CVE-2021-42056: 
SafeNet Authentication Client vulnerability analysis and mitigation

Thales Safenet Authentication Client (SAC) for Linux and Windows through version 10.7.7 contains a security vulnerability related to insecure temporary file creation. The software creates temporary hid and lock files with improper permissions, which could be exploited by local attackers (MITRE CVE, NVD). The vulnerability was discovered by @z00kov from CERT Orange Cyberdefense and was assigned CVE-2021-42056 on October 7, 2021 (GitHub POC).

The vulnerability is classified under CWE-378 (Creation of Temporary File With Insecure Permissions) and CWE-377 (Insecure Temporary File). The issue affects multiple directories including /tmp/eToken.hid/, /tmp/eToken.lock/, and /var/tmp/eToken.cache/* where files are created with world-readable/writable permissions (777 for directories, 666 for files) and root privileges. These files are created and updated during various SAC operations such as lock/unlock (GitHub POC).
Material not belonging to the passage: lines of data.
(* There exist constants $c>0$ and $\kappa>0$ such that for all integers $n\ge 2$ and $\ell$ with $1\le \ell\le n$: (i) if $\ell> c\log^5 n$, then $\varphi(n,\ell)\ge \kappa\,\frac{\ell}{n}\,\varphi(n)$; (ii) if $\ell> c\log n$, then $\varphi(n,\ell)\ge \kappa\,\frac{\ell}{\log \ell}$.
   Context: $\mathbb{Z}_m^*=\{x\in\{0,\dots,m-1\}:\gcd(x,m)=1\}$; $\varphi(m)=|\mathbb{Z}_m^*|$ is Euler's totient function and the relative totient function is $\varphi(m,k)=|\{x\in\mathbb{Z}_m^*: x\le k\}|$. Convention: $\log x$ denotes $\max(\ln x,1)$. *)

theory Defs
  imports "HOL-Number_Theory.Number_Theory"
begin

definition rel_totient :: "nat \<Rightarrow> nat \<Rightarrow> nat" where
  "rel_totient m k = card {x \<in> {0..<m}. coprime x m \<and> x \<le> k}"

text \<open>Convention: log x means max(ln x, 1).\<close>
definition mlog :: "real \<Rightarrow> real" where
  "mlog x = max (ln x) 1"

end

theory Submission
  imports Defs "HOL-Analysis.Harmonic_Numbers" "HOL-Real_Asymp.Real_Asymp"
begin

text \<open>
  For \<open>a \<le> B\<close> coprime to \<open>n\<close> and primes \<open>q\<close> in \<open>(B, l/a]\<close> not dividing \<open>n\<close>,
  the products \<open>a q\<close> are pairwise distinct units of \<open>\<int>\<^sub>n\<close> below \<open>l\<close>.
  Chebyshev's bound \<open>\<pi>(Y) \<ge> (ln 2 / 4) Y / ln Y\<close>, minus the at most \<open>B + ln n / ln B\<close> primes
  that are \<open>\<le> B\<close> or divide \<open>n\<close>, leaves a constant times \<open>l / (a ln l)\<close> choices of \<open>q\<close>
  for each \<open>a\<close>, while \<open>\<Sum>\<^bsub>a \<le> B, (a,n)=1\<^esub> 1/a \<ge> (\<phi>(n)/n) ln (B + 1)\<close> by an Euler product
  argument. Taking \<open>B = l\<^sup>1\<^sup>/\<^sup>3\<close> and \<open>ln n \<le> l\<^sup>1\<^sup>/\<^sup>5\<close> gives (i); taking only \<open>a = 1\<close>,
  \<open>B = \<surd>l\<close> and \<open>ln n \<le> (ln 2 / 64) l\<close> gives (ii).
\<close>

subsection \<open>Chebyshev's lower bound for the prime counting function\<close>

lemma multiplicity_fact_nat:
  fixes p :: nat
  assumes p: "prime p" and "n \<le> N"
  shows "multiplicity p (fact n) = (\<Sum>k\<in>{1..N}. n div p ^ k)"
  using \<open>n \<le> N\<close>
proof (induction n)
  case 0
  then show ?case by simp
next
  case (Suc n)
  have p2: "p \<ge> 2" using p prime_ge_2_nat by blast
  have "multiplicity p (fact (Suc n) :: nat) = multiplicity p (Suc n * fact n)"
    by (simp add: fact_Suc)
  also have "\<dots> = multiplicity p (Suc n) + multiplicity p (fact n :: nat)"
    using p by (intro prime_elem_multiplicity_mult_distrib) auto
  also have "multiplicity p (fact n :: nat) = (\<Sum>k\<in>{1..N}. n div p ^ k)"
    using Suc by simp
  also have "multiplicity p (Suc n) = card {k\<in>{1..N}. p ^ k dvd Suc n}"
  proof -
    have "p ^ multiplicity p (Suc n) \<le> Suc n"
      by (intro dvd_imp_le multiplicity_dvd) auto
    moreover have "2 ^ multiplicity p (Suc n) \<le> p ^ multiplicity p (Suc n)"
      using p2 by (simp add: power_mono)
    moreover have "multiplicity p (Suc n) < 2 ^ multiplicity p (Suc n)" by (rule less_exp)
    ultimately have "multiplicity p (Suc n) \<le> N" using Suc.prems by linarith
    moreover have "p ^ k dvd Suc n \<longleftrightarrow> k \<le> multiplicity p (Suc n)" for k
      using power_dvd_iff_le_multiplicity[of "Suc n" p k] prime_gt_1_nat[OF p] by auto
    ultimately have "{k\<in>{1..N}. p ^ k dvd Suc n} = {1..multiplicity p (Suc n)}"
      by (simp only: atLeastAtMost_iff) fastforce
    thus ?thesis by simp
  qed
  also have "card {k\<in>{1..N}. p ^ k dvd Suc n} = (\<Sum>k\<in>{1..N}. if p ^ k dvd Suc n then 1 else 0)"
    using sum.inter_filter[of "{1..N}" "\<lambda>_. 1::nat" "\<lambda>k. p^k dvd Suc n"] by simp
  also have "\<dots> + (\<Sum>k\<in>{1..N}. n div p ^ k) = (\<Sum>k\<in>{1..N}. Suc n div p ^ k)"
    by (subst sum.distrib[symmetric], intro sum.cong refl) (auto simp: div_Suc dvd_eq_mod_eq_0)
  finally show ?case .
qed

lemma double_div_bounds:
  fixes m q :: nat
  shows "2 * (m div q) \<le> (2 * m) div q \<and> (2 * m) div q \<le> 2 * (m div q) + 1"
proof (cases "q = 0")
  case False
  obtain a r where m: "m = q * a + r" "r < q"
    using False by (metis div_mult_mod_eq mod_less_divisor neq0_conv mult.commute)
  have "2 * m = 2 * r + (2 * a) * q" using m by simp
  then have "(2 * m) div q = 2 * a + (2 * r) div q" using False by simp
  moreover have "(2 * r) div q < 2"
    using m False by (simp add: div_less_iff_less_mult mult.commute)
  ultimately show ?thesis using m by simp
qed simp

text \<open>Each prime power exactly dividing \<open>(2m choose m)\<close> is at most \<open>2m\<close>: by Legendre's formula its
  exponent is a sum of terms \<open>\<lfloor>2m/p\<^sup>k\<rfloor> - 2\<lfloor>m/p\<^sup>k\<rfloor> \<in> {0,1}\<close> that vanish once \<open>p\<^sup>k > 2m\<close>.\<close>

lemma prime_power_multiplicity_central_binomial_le:
  fixes p m :: nat
  assumes p: "prime p" and m: "m \<ge> 1"
  shows "p ^ multiplicity p ((2 * m) choose m) \<le> 2 * m"
proof (rule ccontr)
  define e where "e = multiplicity p ((2 * m) choose m)"
  assume "\<not> ?thesis"
  hence big: "p ^ e > 2 * m" by (simp add: e_def)
  have p2: "p \<ge> 2" using p prime_ge_2_nat by blast
  have "fact (2 * m) = (fact m * fact m * ((2 * m) choose m) :: nat)"
    using binomial_fact_lemma[of m "2 * m"] by (simp add: mult_2 algebra_simps)
  hence "multiplicity p (fact (2 * m) :: nat) = 2 * multiplicity p (fact m :: nat) + e"
    using p by (simp add: prime_elem_multiplicity_mult_distrib e_def)
  hence "(\<Sum>k\<in>{1..2*m}. (2 * m) div p ^ k) = 2 * (\<Sum>k\<in>{1..2*m}. m div p ^ k) + e"
    using multiplicity_fact_nat[OF p, of "2 * m" "2 * m"] multiplicity_fact_nat[OF p, of m "2 * m"]
    by simp
  hence "e = (\<Sum>k\<in>{1..2*m}. (2 * m) div p ^ k - 2 * (m div p ^ k))"
    using double_div_bounds by (subst sum_subtractf_nat) (auto simp: sum_distrib_left)
  also have "\<dots> \<le> (\<Sum>k\<in>{1..2*m}. if k < e then 1 else 0)"
  proof (intro sum_mono)
    fix k assume "k \<in> {1..2 * m}"
    show "(2 * m) div p ^ k - 2 * (m div p ^ k) \<le> (if k < e then 1 else 0)"
    proof (cases "k < e")
      case True
      thus ?thesis using double_div_bounds[of m "p ^ k"] by auto
    next
      case False
      hence "p ^ e \<le> p ^ k" using p2 by (intro power_increasing) auto
      thus ?thesis using big by simp
    qed
  qed
  also have "\<dots> = card {k\<in>{1..2*m}. k < e}"
    using sum.inter_filter[of "{1..2*m}" "\<lambda>_. 1::nat" "\<lambda>k. k < e"] by simp
  also have "\<dots> \<le> card {1..<e}" by (intro card_mono) auto
  finally have "e = 0" by simp
  thus False using big m by simp
qed

lemma central_binomial_le_power_prime_count:
  fixes m :: nat
  assumes m: "m \<ge> 1"
  shows "(2 * m) choose m \<le> (2 * m) ^ card {p\<in>{..2*m}. prime p}"
proof -
  define C where "C = (2 * m) choose m"
  have "C = (\<Prod>p\<in>prime_factors C. p ^ multiplicity p C)"
    by (rule prime_factorization_nat) (simp add: C_def)
  also have "\<dots> \<le> (\<Prod>p\<in>prime_factors C. 2 * m)"
    by (intro prod_mono) (auto simp: C_def intro!: prime_power_multiplicity_central_binomial_le m)
  also have "\<dots> = (2 * m) ^ card (prime_factors C)" by simp
  also have "\<dots> \<le> (2 * m) ^ card {p\<in>{..2*m}. prime p}"
  proof (intro power_increasing card_mono)
    show "prime_factors C \<subseteq> {p\<in>{..2*m}. prime p}"
    proof
      fix p assume p: "p \<in> prime_factors C"
      hence "prime p" by auto
      have "p ^ 1 \<le> p ^ multiplicity p C"
        using p prime_gt_0_nat[OF \<open>prime p\<close>]
        by (intro power_increasing) (auto simp: prime_factors_multiplicity Suc_le_eq)
      also have "\<dots> \<le> 2 * m"
        unfolding C_def using \<open>prime p\<close> m by (rule prime_power_multiplicity_central_binomial_le)
      finally show "p \<in> {p\<in>{..2*m}. prime p}" using \<open>prime p\<close> by auto
    qed
  qed (use m in auto)
  finally show ?thesis by (simp add: C_def)
qed

lemma prime_count_lower_bound:
  fixes N :: nat
  assumes N: "N \<ge> 2"
  shows "real (card {p\<in>{..N}. prime p}) \<ge> ln 2 / 4 * N / ln N"
proof -
  define m where "m = N div 2"
  define P where "P = card {p\<in>{..N}. prime p}"
  have m1: "m \<ge> 1" and mN: "2 * m \<le> N" and m4: "real N \<le> 4 * m"
    using N unfolding m_def by linarith+
  have "card {p\<in>{..2*m}. prime p} \<le> P"
    unfolding P_def using mN by (intro card_mono) auto
  have "2 * real m \<le> 2 ^ m"
    using m1 by (induction m rule: dec_induct) auto
  hence "(2::real) ^ m * (2 * real m) \<le> 2 ^ m * 2 ^ m"
    by (intro mult_left_mono) auto
  hence "(2::real) ^ m \<le> 4 ^ m / (2 * real m)"
    using m1 by (simp add: field_simps flip: power_mult_distrib)
  also have "\<dots> \<le> real ((2 * m) choose m)"
    using m1 by (intro central_binomial_lower_bound) auto
  also have "\<dots> \<le> real (2 * m) ^ card {p\<in>{..2*m}. prime p}"
    using central_binomial_le_power_prime_count[OF m1] by (metis of_nat_le_iff of_nat_power)
  also have "\<dots> \<le> real N ^ P"
    using mN N \<open>card {p\<in>{..2*m}. prime p} \<le> P\<close>
    by (intro order.trans[OF power_mono power_increasing]) auto
  finally have "ln (2 ^ m) \<le> ln (real N ^ P)"
    using N by (subst ln_le_cancel_iff) auto
  hence "m * ln 2 \<le> P * ln N" using N by (simp add: ln_realpow)
  moreover have "N * ln 2 \<le> (4 * m) * ln 2" using m4 by (intro mult_right_mono) auto
  ultimately have "N * ln 2 \<le> 4 * (P * ln N)" by linarith
  thus ?thesis unfolding P_def using N by (simp add: field_simps)
qed

subsection \<open>Primes avoiding the divisors of \<open>n\<close>\<close>

definition coprime_primes_between :: "nat \<Rightarrow> nat \<Rightarrow> nat \<Rightarrow> nat set" where
  "coprime_primes_between n B Y = {q. prime q \<and> B < q \<and> q \<le> Y \<and> \<not> q dvd n}"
The vulnerability allows local attackers to overwrite arbitrary files with SACSrv privileges (which runs as root by default) through symlink attacks. This could lead to critical system compromise by overwriting sensitive files like /bin/sh or /etc/shadow. An attacker could potentially obtain root/777 privileges and modify legitimate content or gain root shell access by manipulating the shadow file (GitHub POC).

As of July 28, 2023, even the latest version (22.3) remained vulnerable to this issue. No official fix or mitigation has been published by Thales, despite their initial response indicating the issue would be fixed during Q2 2022 (GitHub POC).